42% said they prefer to receive ads for sales via e-mail compared to just 3% who said the same for social-networking sites and 1% who preferred Twitter.

You can bet those numbers are even higher in B2B sales. When’s the last time you were attracted to a B2B solution by browsing Twitter? My guess is you probably haven’t. Moreover, unless you’re in marketing you probably don’t spend much time at all on Twitter or Facebook while at work. But you probably spend time managing your email. Awareness of solutions commonly start from email marketing campaigns.

Email marketing has significant benefit over social media for B2B companies; especially when email marketing is used on conjunction with marketing automation software. Marketing automation software includes email marketing capabilities and enables B2B marketers to execute intelligent campaigns that are highly relevant to buyer’s interests. Email marketing does have some clear advantages vs social media.

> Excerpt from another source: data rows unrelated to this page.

(* Assume the standing setting and let $K\subset\Omega$ be compact. Then there exist positive constants $C_K$ and $T_K$ such that $$|\varphi(t,x)|\ge C_K\,|t|^{2/(m+2)}\qquad\text{for all }x\in K\text{ and all real }t\text{ with }|t|\ge T_K.$$
   Context: Let $Q$ be a complex polynomial of degree $m\ge 1$. A turning point is a zero of $Q$. For a turning point $a$, $\mathfrak S_a(x)=\int_a^x\sqrt{Q(\tau)}\,d\tau$. The Stokes curves emanating from a turning point $a$ are the arcs of $\{x:\operatorname{Im}\mathfrak S_a(x)=0\}$ starting at $a$; each ends at $\infty$ or at another turning point (a Stokes curve ending at a turning point $b$ is joined with the Stokes curves emanating from $b$). The Stokes curves divide $\mathbb C$ into regions called Stokes domains. Standing setting: $\Omega$ is a Stokes domain, $a\in\partial\Omega$ is a turning point, a holomorphic branch of $\sqrt Q$ on $\Omega$ is fixed so that $\mathfrak S_a$ is holomorphic on $\Omega$ with $\mathfrak S_a'=\sqrt Q$, and $\operatorname{Im}\mathfrak S_a(x)>0$ for all $x\in\Omega$. Moreover $\Omega$ is of one of two types: type (1): $\partial\Omega$ is a single connected curve containing $a$, and $\operatorname{Im}\mathfrak S_a=0$ on $\partial\Omega$; type (2): $\partial\Omega=\mathcal C_1\cup\mathcal C_2$ with $\mathcal C_1\cap\mathcal C_2=\emptyset$, there are turning points $a\in\mathcal C_1$, $b\in\mathcal C_2$, $\operatorname{Im}\mathfrak S_a=0$ on $\mathcal C_1$ and $\operatorname{Im}\mathfrak S_a=\operatorname{Im}\mathfrak S_a(b)$ on $\mathcal C_2$. For $x\in\Omega$, $\varphi(z,x)$ denotes the solution of $\frac{dy}{dz}=\frac{1}{\sqrt{Q(y)}}$, $y(0)=x$ (with the fixed branch); it satisfies $\mathfrak S_a(\varphi(z,x))=\mathfrak S_a(x)+z$, and for $x\in\Omega$ it exists for all real $z=t$. *)

theory Defs
  imports "HOL-Complex_Analysis.Complex_Analysis" "HOL-Computational_Algebra.Polynomial"
begin

definition turning_point :: "complex poly \<Rightarrow> complex \<Rightarrow> bool" where
  "turning_point Q a \<longleftrightarrow> poly Q a = 0"

text \<open>A point x lies on a Stokes curve (possibly a
  chain of Stokes curves joined at turning points) iff it can be reached from a
  turning point a by a C1 path gamma along which the primitive of sqrt(Q) stays
  real, i.e. Q(gamma t) * gamma'(t)^2 is a nonnegative real number for all t
  (so that Im of the integral of sqrt(Q) from a along gamma is identically 0).\<close>
definition stokes_set :: "complex poly \<Rightarrow> complex set" where
  "stokes_set Q = {x. \<exists>a \<gamma>. turning_point Q a \<and>
      \<gamma> C1_differentiable_on {0..1} \<and> \<gamma> 0 = a \<and> \<gamma> 1 = x \<and>
      (\<forall>t\<in>{0..1::real}.
         let w = poly Q (\<gamma> t) * (vector_derivative \<gamma> (at t within {0..1}))\<^sup>2
         in Im w = 0 \<and> Re w \<ge> 0)}"

definition stokes_domain :: "complex poly \<Rightarrow> complex set \<Rightarrow> bool" where
  "stokes_domain Q \<Omega> \<longleftrightarrow> \<Omega> \<in> components (- stokes_set Q)"

definition is_flow :: "(complex \<Rightarrow> complex) \<Rightarrow> complex set \<Rightarrow> (real \<Rightarrow> complex \<Rightarrow> complex) \<Rightarrow> bool" where
  "is_flow sq \<Omega> \<phi> \<longleftrightarrow> (\<forall>x\<in>\<Omega>. \<phi> 0 x = x \<and>
      (\<forall>t. \<phi> t x \<in> \<Omega> \<and> ((\<lambda>s. \<phi> s x) has_vector_derivative (1 / sq (\<phi> t x))) (at t)))"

Advantages of email marketing over social media:

For example, email marketing allows:

1) more personally relevant emails to be delivered by:
– demographics like age, gender, geography, company size
– visitors interaction with marketing assets
– time since previous interaction
– position in lifecycle – new customers/prospects are sent different messages from old customers/prospects
– follow up on a website interaction like a search or specific page visit

2) greater overall response as responses occur over 12-48 hours rather than 1-2 hours more typical of Twitter and Facebook

3) offers and content can be inserted dynamically into emails

4) responses measured at the individual level of a campaign or offer

5) better follow-up on customer interest via lead nurturing

Advantages of social media over email marketing:

Social media marketing has its own set of benefits relative to email marketing. In particular, raising awareness and collecting customer feedback, something email marketing cannot do (unless you’re using surveys). Here are the top five benefits B2B companies will get from social media marketing.

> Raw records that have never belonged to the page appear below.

text \<open>Side conditions on dimensions rather than carriers let the simplifier discharge them, so this
  rule (used with \<open>assoc_mult_mat\<close> deleted) normalises long products to the left.\<close>

lemma mult_mat_assoc_left:
  "dim_col A = dim_row B \<Longrightarrow> dim_col B = dim_row C \<Longrightarrow> A * (B * C) = A * B * C"
  by (rule assoc_mult_mat[symmetric, of A "dim_row A" "dim_col A" B "dim_col B" C "dim_col C"]) auto

lemma minv_eqI:
  assumes A: "A \<in> carrier_mat n n" and Y: "Y \<in> carrier_mat n n" and AY: "A * Y = 1\<^sub>m n"
  shows "minv A = Y"
  unfolding minv_def
proof (rule some_equality)
  have YA: "Y * A = 1\<^sub>m n" by (rule mat_mult_left_right_inverse[OF A Y AY])
  then show "Y \<in> carrier_mat (dim_row A) (dim_row A) \<and> inverts_mat A Y \<and> inverts_mat Y A"
    using A Y AY unfolding inverts_mat_def by auto
next
  fix B assume "B \<in> carrier_mat (dim_row A) (dim_row A) \<and> inverts_mat A B \<and> inverts_mat B A"
  then have B: "B \<in> carrier_mat n n" and BA: "B * A = 1\<^sub>m n"
    using A unfolding inverts_mat_def by auto
  show "B = Y"
    using mult_mat_inverse_cancel[OF B A BA Y] B by (simp add: AY)
qed

lemma minv_mat:
  assumes A: "A \<in> carrier_mat n n" and "invertible_mat A"
  shows "minv A \<in> carrier_mat n n" "A * minv A = 1\<^sub>m n" "minv A * A = 1\<^sub>m n"
proof -
  obtain B where AB: "A * B = 1\<^sub>m n" and BA: "B * A = 1\<^sub>m (dim_row B)"
    using assms unfolding invertible_mat_def inverts_mat_def by auto
  have B: "B \<in> carrier_mat n n"
    using AB BA A by (metis carrier_matD carrier_matI index_mult_mat(2,3) index_one_mat(2,3))
  have "minv A = B" by (rule minv_eqI[OF A B AB])
  then show "minv A \<in> carrier_mat n n" "A * minv A = 1\<^sub>m n" "minv A * A = 1\<^sub>m n"
    using B AB BA by auto
qed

• Increasing brand awareness
• Educating potential consumers
• Creating visibility
• Building thought leadership
• Gathering positive online reviews

Each marketing strategy has its own benefits, so which one is better? The answer, neither. We do not recommend B2B companies use one strategy over another. We suggest using both together. Email marketing should be integrated with a social media strategy to increase engagement with customers.

Use both email marketing and social media:

In this case, the whole is definitely greater than the sum of the parts. Social media and email marketing should be viewed as complementary strategies to deepen prospect and customer relationships (vs. maximizing outreach). Take the first step in integrating both marketing channels together by adding social media icons to the bottom of your email marketing messages. Next, procure a marketing automation software package, which integrates closed-loop email marketing, to deliver capabilities mentioned in #1 above and elevate your email marketing capabilities to the next phase.

Marketing automation offers automatic lead qualification (lead scoring), lead distribution, lead generation, lead tracking, landing page optimization, and more to automate manual marketing processes, generate more qualified leads, shorten sales cycles, and further deepen your B2B relationships. It also augments traditional email marketing by closing the loop. Most email marketing systems create a “black hole of activity” after an email is opened and initial click-through. Closed-loop email marketing ties past, current, and future web visits together with email opens to build a more accurate profile of a sales lead and presents hot leads to sales in real-time.

To learn how Lead Liaison’s revenue generation software can help you with your marketing automation, email marketing, and social media marketing needs contact us.

We welcome your feedback, comments and suggestions. How do you judge email marketing vs social media for B2B marketing?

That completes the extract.